Dive Brief:
- Fidelity National Information Services, which provides payments and technology services to financial institutions, is counting on clients continuing to increase their technology spending and tapping FIS to meet their demand for artificial intelligence capabilities, CEO Stephanie Ferris said during the company’s fourth-quarter earnings report Tuesday. Financial institutions’ annual IT spending across the market, as a percent of revenue, climbed 11% between 2015 and 2024, the company said in its quarterly presentation.
- The Jacksonville, Florida company is angling to satisfy banks’ appetite for artificial intelligence, tapping its extensive trove of data, regulatory experience and scale to pitch to its financial institution clients.
- “Emerging technology, particularly AI, is moving from experimental to mainstream at unprecedented speed,” Ferris said. “AI adoption is accelerating to eight times 2023 levels and banks recognize AI isn't a future opportunity, it's a competitive imperative.”
Dive Insight:
FIS reported that its fourth-quarter revenue grew about 7% to $2.75 billion over the year-earlier period, after adjusting for its sale of the Worldpay merchant acquiring unit and the purchase of an issuer services business, according to an earnings press release.

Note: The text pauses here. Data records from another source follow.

lemma norm_exp_minus_taylor_le:
  fixes z :: complex
  assumes "cmod z \<le> a"
  shows "cmod (exp z - (\<Sum>j<J. z ^ j /\<^sub>R fact j)) \<le> exp_tail a J"
proof -
  have sz: "summable (\<lambda>n. z ^ n /\<^sub>R fact n)" using exp_converges[of z] by (simp add: sums_iff)
  have sa: "summable (\<lambda>n. a ^ n / fact n)" using exp_converges[of a] by (simp add: sums_iff divide_inverse mult_ac)
  have "exp z = (\<Sum>n. z ^ (n + J) /\<^sub>R fact (n + J)) + (\<Sum>j<J. z ^ j /\<^sub>R fact j)"
    using suminf_split_initial_segment[OF sz, of J] exp_converges[of z] by (simp add: sums_iff)
  hence "exp z - (\<Sum>j<J. z ^ j /\<^sub>R fact j) = (\<Sum>n. z ^ (n + J) /\<^sub>R fact (n + J))" by simp
  also have "cmod \<dots> \<le> exp_tail a J" unfolding exp_tail_def
  proof (rule norm_suminf_le)
    show "summable (\<lambda>n. a ^ (n + J) / fact (n + J))"
      using summable_ignore_initial_segment[OF sa, of J] .
    fix n
    have "cmod (z ^ (n + J) /\<^sub>R fact (n + J)) = cmod z ^ (n + J) / fact (n + J)"
      by (simp add: norm_power divide_inverse mult.commute)
    also have "\<dots> \<le> a ^ (n + J) / fact (n + J)"
      using assms by (intro divide_right_mono power_mono) auto
    finally show "cmod (z ^ (n + J) /\<^sub>R fact (n + J)) \<le> a ^ (n + J) / fact (n + J)" .
  qed
  finally show ?thesis .
qed

lemma exp_tail_tendsto_0: "(\<lambda>J. exp_tail a J) \<longlonglongrightarrow> 0"
proof -
  have sa: "(\<lambda>n. a ^ n / fact n) sums exp a" using exp_converges[of a] by (simp add: divide_inverse mult_ac)
  have eq: "exp_tail a J = exp a - (\<Sum>j<J. a ^ j / fact j)" for J
    using suminf_split_initial_segment[OF sums_summable[OF sa], of J] sa unfolding exp_tail_def by (simp add: sums_iff)
  have "(\<lambda>J. exp a - (\<Sum>j<J. a ^ j / fact j)) \<longlonglongrightarrow> exp a - exp a"
    using sa unfolding sums_def by (intro tendsto_intros)
  thus ?thesis unfolding eq by simp
qed

lemma exp_tail_nonneg:
  assumes "a \<ge> 0" shows "exp_tail a J \<ge> 0"
proof -
  have sa: "summable (\<lambda>n. a ^ n / fact n)" using exp_converges[of a] by (simp add: sums_iff divide_inverse mult_ac)
  show ?thesis unfolding exp_tail_def
    by (rule suminf_nonneg[OF summable_ignore_initial_segment[OF sa, of J]]) (use assms in simp)
qed

definition dpartial_nonconst :: "(nat \<Rightarrow> complex) \<Rightarrow> nat \<Rightarrow> complex \<Rightarrow> complex" where
  "dpartial_nonconst c N s = (\<Sum>k\<in>{2..N}. c k * inv_powr k s)"

lemma dpartial_eq_const_plus_nonconst:
  assumes "N \<ge> 1"
  shows "dpartial c N s = c 1 + dpartial_nonconst c N s"
proof -
  have "{1..N} = insert 1 {2..N}" using assms by auto
  thus ?thesis unfolding dpartial_eq_sum_inv_powr dpartial_nonconst_def by simp
qed

definition nonconst_majorant :: "(nat \<Rightarrow> complex) \<Rightarrow> nat \<Rightarrow> real \<Rightarrow> real" where
  "nonconst_majorant c N \<eta> = (\<Sum>k\<in>{2..N}. cmod (c k) * exp (- \<eta> * ln (real k)))"

lemma norm_dpartial_nonconst_le: "cmod (dpartial_nonconst c N s) \<le> nonconst_majorant c N (Re s)"
  unfolding dpartial_nonconst_def nonconst_majorant_def
  by (rule order_trans[OF norm_sum]) (simp add: norm_mult norm_inv_powr)

definition power_coeff :: "(nat \<Rightarrow> complex) \<Rightarrow> nat set \<Rightarrow> nat \<Rightarrow> nat \<Rightarrow> complex" where
  "power_coeff c S j m = (\<Sum>g\<in>{g \<in> PiE {..<j} (\<lambda>_. S). prod g {..<j} = m}. \<Prod>i<j. c (g i))"

lemma PiE_prod_bounds:
  assumes "g \<in> PiE {..<j} (\<lambda>_. {2..N::nat})"
  shows "2 ^ j \<le> prod g {..<j}" "prod g {..<j} \<le> N ^ j"
proof -
  have "(\<Prod>i<j. (2::nat)) \<le> prod g {..<j}"
    using assms by (intro prod_mono) (auto simp: PiE_def Pi_def)
  thus "2 ^ j \<le> prod g {..<j}" by simp
  have "prod g {..<j} \<le> (\<Prod>i<j. N)"
    using assms by (intro prod_mono) (auto simp: PiE_def Pi_def)
  thus "prod g {..<j} \<le> N ^ j" by simp
qed

lemma power_dpartial_nonconst:
  assumes "N \<ge> 1" "j \<le> J"
  shows "dpartial_nonconst c N s ^ j = (\<Sum>m\<in>{1..N^J}. power_coeff c {2..N} j m * inv_powr m s)"
proof -
  define A where "A = PiE {..<j} (\<lambda>_::nat. {2..N})"
  have finA: "finite A" unfolding A_def by (intro finite_PiE) auto
  have "dpartial_nonconst c N s ^ j = (\<Prod>i<j. \<Sum>k\<in>{2..N}. c k * inv_powr k s)" by (simp add: dpartial_nonconst_def)
  also have "\<dots> = (\<Sum>g\<in>A. \<Prod>i<j. c (g i) * inv_powr (g i) s)"
    unfolding A_def by (rule prod_sum_PiE) auto
  also have "\<dots> = (\<Sum>g\<in>A. (\<Prod>i<j. c (g i)) * inv_powr (prod g {..<j}) s)"
  proof (rule sum.cong[OF refl])
    fix g assume g: "g \<in> A"
    have "inv_powr (prod g {..<j}) s = (\<Prod>i<j. inv_powr (g i) s)"
      using g by (intro inv_powr_prod) (auto simp: A_def PiE_def Pi_def)
    thus "(\<Prod>i<j. c (g i) * inv_powr (g i) s) = (\<Prod>i<j. c (g i)) * inv_powr (prod g {..<j}) s"
      by (simp add: prod.distrib)
  qed
  also have "\<dots> = (\<Sum>m\<in>{1..N^J}. \<Sum>g\<in>{g \<in> A. prod g {..<j} = m}. (\<Prod>i<j. c (g i)) * inv_powr (prod g {..<j}) s)"
  proof (rule sum.group[symmetric, OF finA])
    show "(\<lambda>g. prod g {..<j}) ` A \<subseteq> {1..N^J}"
    proof
      fix m assume "m \<in> (\<lambda>g. prod g {..<j}) ` A"
      then obtain g where g: "g \<in> A" "m = prod g {..<j}" by auto
      have m2: "2 ^ j \<le> m" "m \<le> N ^ j" using PiE_prod_bounds[of g j N] g by (auto simp: A_def)
      moreover have "1 \<le> m" using m2(1) by (metis le_trans one_le_numeral one_le_power)
      moreover have "N ^ j \<le> N ^ J" using assms by (intro power_increasing) auto
      ultimately show "m \<in> {1..N^J}" by auto
    qed
  qed simp
  also have "\<dots> = (\<Sum>m\<in>{1..N^J}. power_coeff c {2..N} j m * inv_powr m s)"
    unfolding power_coeff_def A_def sum_distrib_right by (intro sum.cong refl) auto
  finally show ?thesis .
qed

lemma power_coeff_eq_0_if_less:
  assumes "m < 2 ^ j"
  shows "power_coeff c {2..N} j m = 0"
proof -
  have E: "{g \<in> PiE {..<j} (\<lambda>_. {2..N}). prod g {..<j} = m} = {}"
  proof -
    have False if "g \<in> PiE {..<j} (\<lambda>_. {2..N})" "prod g {..<j} = m" for g
    proof -
      have "2 ^ j \<le> m" using PiE_prod_bounds(1)[OF that(1)] that(2) by simp
      thus False using assms by simp
    qed
    thus ?thesis by blast
  qed
  show ?thesis unfolding power_coeff_def E by simp
qed

lemma power_coeff_restrict:
  assumes "1 \<le> m" "m \<le> N"
  shows "power_coeff c {2..N} j m = power_coeff c {2..m} j m"
proof -
  have key: "(g \<in> PiE {..<j} (\<lambda>_. {2..N})) = (g \<in> PiE {..<j} (\<lambda>_. {2..m}))"
    if p: "prod g {..<j} = m" for g
  proof -
    have le: "g i \<le> m" if "i < j" for i
    proof -
      have "g i dvd prod g {..<j}" using that by (intro dvd_prodI) auto
      thus ?thesis using p assms(1) by (auto intro: dvd_imp_le)
    qed
    have le2: "g i \<le> N" if "i < j" for i using le[OF that] assms(2) by simp
    show ?thesis using le le2 by (auto simp: PiE_def Pi_def)
  qed
  have E: "{g \<in> PiE {..<j} (\<lambda>_. {2..N}). prod g {..<j} = m} = {g \<in> PiE {..<j} (\<lambda>_. {2..m}). prod g {..<j} = m}"
    using key by blast
  show ?thesis unfolding power_coeff_def E ..
qed

definition exp_taylor :: "(nat \<Rightarrow> complex) \<Rightarrow> real \<Rightarrow> nat \<Rightarrow> nat \<Rightarrow> complex \<Rightarrow> complex" where
  "exp_taylor c lam N J s = exp (- of_real lam * c 1) * (\<Sum>j<J. (- of_real lam * dpartial_nonconst c N s) ^ j /\<^sub>R fact j)"

definition exp_taylor_coeff :: "(nat \<Rightarrow> complex) \<Rightarrow> real \<Rightarrow> nat \<Rightarrow> nat \<Rightarrow> nat \<Rightarrow> complex" where
  "exp_taylor_coeff c lam N J m = exp (- of_real lam * c 1) * (\<Sum>j<J. ((- of_real lam) ^ j /\<^sub>R fact j) * power_coeff c {2..N} j m)"

lemma exp_taylor_eq_sum_coeff:
  assumes "N \<ge> 1"
  shows "exp_taylor c lam N J s = (\<Sum>m\<in>{1..N^J}. exp_taylor_coeff c lam N J m * inv_powr m s)"
proof -
  have "exp_taylor c lam N J s = exp (- of_real lam * c 1) * (\<Sum>j<J. ((- of_real lam) ^ j /\<^sub>R fact j) * dpartial_nonconst c N s ^ j)"
    unfolding exp_taylor_def power_mult_distrib by (simp add: scaleR_conv_of_real mult_ac)
  also have "\<dots> = exp (- of_real lam * c 1) * (\<Sum>j<J. ((- of_real lam) ^ j /\<^sub>R fact j) * (\<Sum>m\<in>{1..N^J}. power_coeff c {2..N} j m * inv_powr m s))"
    by (intro arg_cong2[where f="(*)"] sum.cong refl) (subst power_dpartial_nonconst[OF assms], auto)
  also have "\<dots> = (\<Sum>m\<in>{1..N^J}. exp_taylor_coeff c lam N J m * inv_powr m s)"
    unfolding exp_taylor_coeff_def sum_distrib_left sum_distrib_right
    by (subst sum.swap) (simp add: mult_ac)
  finally show ?thesis .
qed

lemma exp_taylor_tendsto:
  assumes "N \<ge> 1"
  shows "(\<lambda>J. exp_taylor c lam N J s) \<longlonglongrightarrow> exp (- of_real lam * dpartial c N s)"
proof -
  have "(\<lambda>J. exp_taylor c lam N J s) \<longlonglongrightarrow> exp (- of_real lam * c 1) * exp (- of_real lam * dpartial_nonconst c N s)"
    unfolding exp_taylor_def using exp_converges[of "- of_real lam * dpartial_nonconst c N s"] unfolding sums_def
    by (intro tendsto_intros)
  also have "exp (- of_real lam * c 1) * exp (- of_real lam * dpartial_nonconst c N s) = exp (- of_real lam * c 1 + - of_real lam * dpartial_nonconst c N s)"
    by (rule exp_add[symmetric])
  also have "\<dots> = exp (- of_real lam * dpartial c N s)"
    using assms by (simp add: dpartial_eq_const_plus_nonconst distrib_left)
  finally show ?thesis .
qed

text \<open>The coefficient of \<open>m powr (- s)\<close> in \<open>exp (- lam * dseries c s)\<close>: a product of \<open>j\<close>
  factors from \<open>{2..}\<close> equal to \<open>m\<close> has all factors in \<open>{2..m}\<close> and \<open>2 ^ j \<le> m\<close>, so
  truncating at \<open>{2..m}\<close> and \<open>j < m\<close> loses nothing.\<close>

definition exp_coeff :: "(nat \<Rightarrow> complex) \<Rightarrow> real \<Rightarrow> nat \<Rightarrow> complex" where
  "exp_coeff c lam m = exp (- of_real lam * c 1) * (\<Sum>j<m. ((- of_real lam) ^ j /\<^sub>R fact j) * power_coeff c {2..m} j m)"

lemma exp_taylor_coeff_eq_exp_coeff:
  assumes "1 \<le> m" "m \<le> N" "m \<le> J"
  shows "exp_taylor_coeff c lam N J m = exp_coeff c lam m"
proof -
  have "(\<Sum>j<J. ((- of_real lam) ^ j /\<^sub>R fact j) * power_coeff c {2..N} j m) = (\<Sum>j<m. ((- of_real lam) ^ j /\<^sub>R fact j) * power_coeff c {2..N} j m)"
  proof (rule sum.mono_neutral_right)
    show "\<forall>j\<in>{..<J} - {..<m}. ((- of_real lam) ^ j /\<^sub>R fact j) * power_coeff c {2..N} j m = 0"
    proof
      fix j assume "j \<in> {..<J} - {..<m}"
      hence "m \<le> j" by auto
      hence "m < 2 ^ j" using less_exp[of j] by linarith
      thus "((- of_real lam) ^ j /\<^sub>R fact j) * power_coeff c {2..N} j m = 0" by (simp add: power_coeff_eq_0_if_less)
    qed
  qed (use assms in auto)
  also have "\<dots> = (\<Sum>j<m. ((- of_real lam) ^ j /\<^sub>R fact j) * power_coeff c {2..m} j m)"
    by (intro sum.cong refl) (subst power_coeff_restrict[OF assms(1,2)], rule refl)
  finally show ?thesis unfolding exp_taylor_coeff_def exp_coeff_def by simp
qed

section \<open>Symbols mapping into a smaller half-plane\<close>

locale gap_symbol =
  fixes c :: "nat \<Rightarrow> complex" and \<epsilon> :: real
  assumes G0: "G0 c" and \<epsilon>_pos: "\<epsilon> > 0"
    and maps_into: "dseries c ` halfplane 0 \<subseteq> halfplane (1/2 + \<epsilon>)"
begin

When asked by an analyst about AI replacing or automating some of the services that FIS provides, Ferris downplayed any risks, pointing to AI as a positive for the business. She called it a “strategic accelerant,” pointing to the company’s expansive proprietary data set and its use of audited, regulated processes as difficult-to-replicate advantages.
FIS focuses on financial institutions growing the fastest in the market, with many becoming super regional banks, and those that are tapping technology, such as AI, to drive growth.
“Unlike some peers, our focus isn't about serving the most banks,” Ferris said. “Our strategy is partnering with banks that are growing faster in the market, both organically and through consolidation,” Ferris said. “Our strategy is to grow side by side with them in areas where they're spending: payments, digital and lending,” she said.
Meanwhile, the company has cut costs in some areas alongside its sale of Worldpay and purchase of the issuer business, both with Global Payments on the other side of the transaction.
“We took a series of cost actions in 2025 and exiting the year that drives sizable savings in 2026,” FIS Chief Financial Officer James Kehoe told analysts on the Tuesday webcast.
Headcount decreased significantly last year, dropping about 12% percent as of the end of last year to 44,000 employees, down from 50,000 at the end of 2024, according to the company’s annual reports.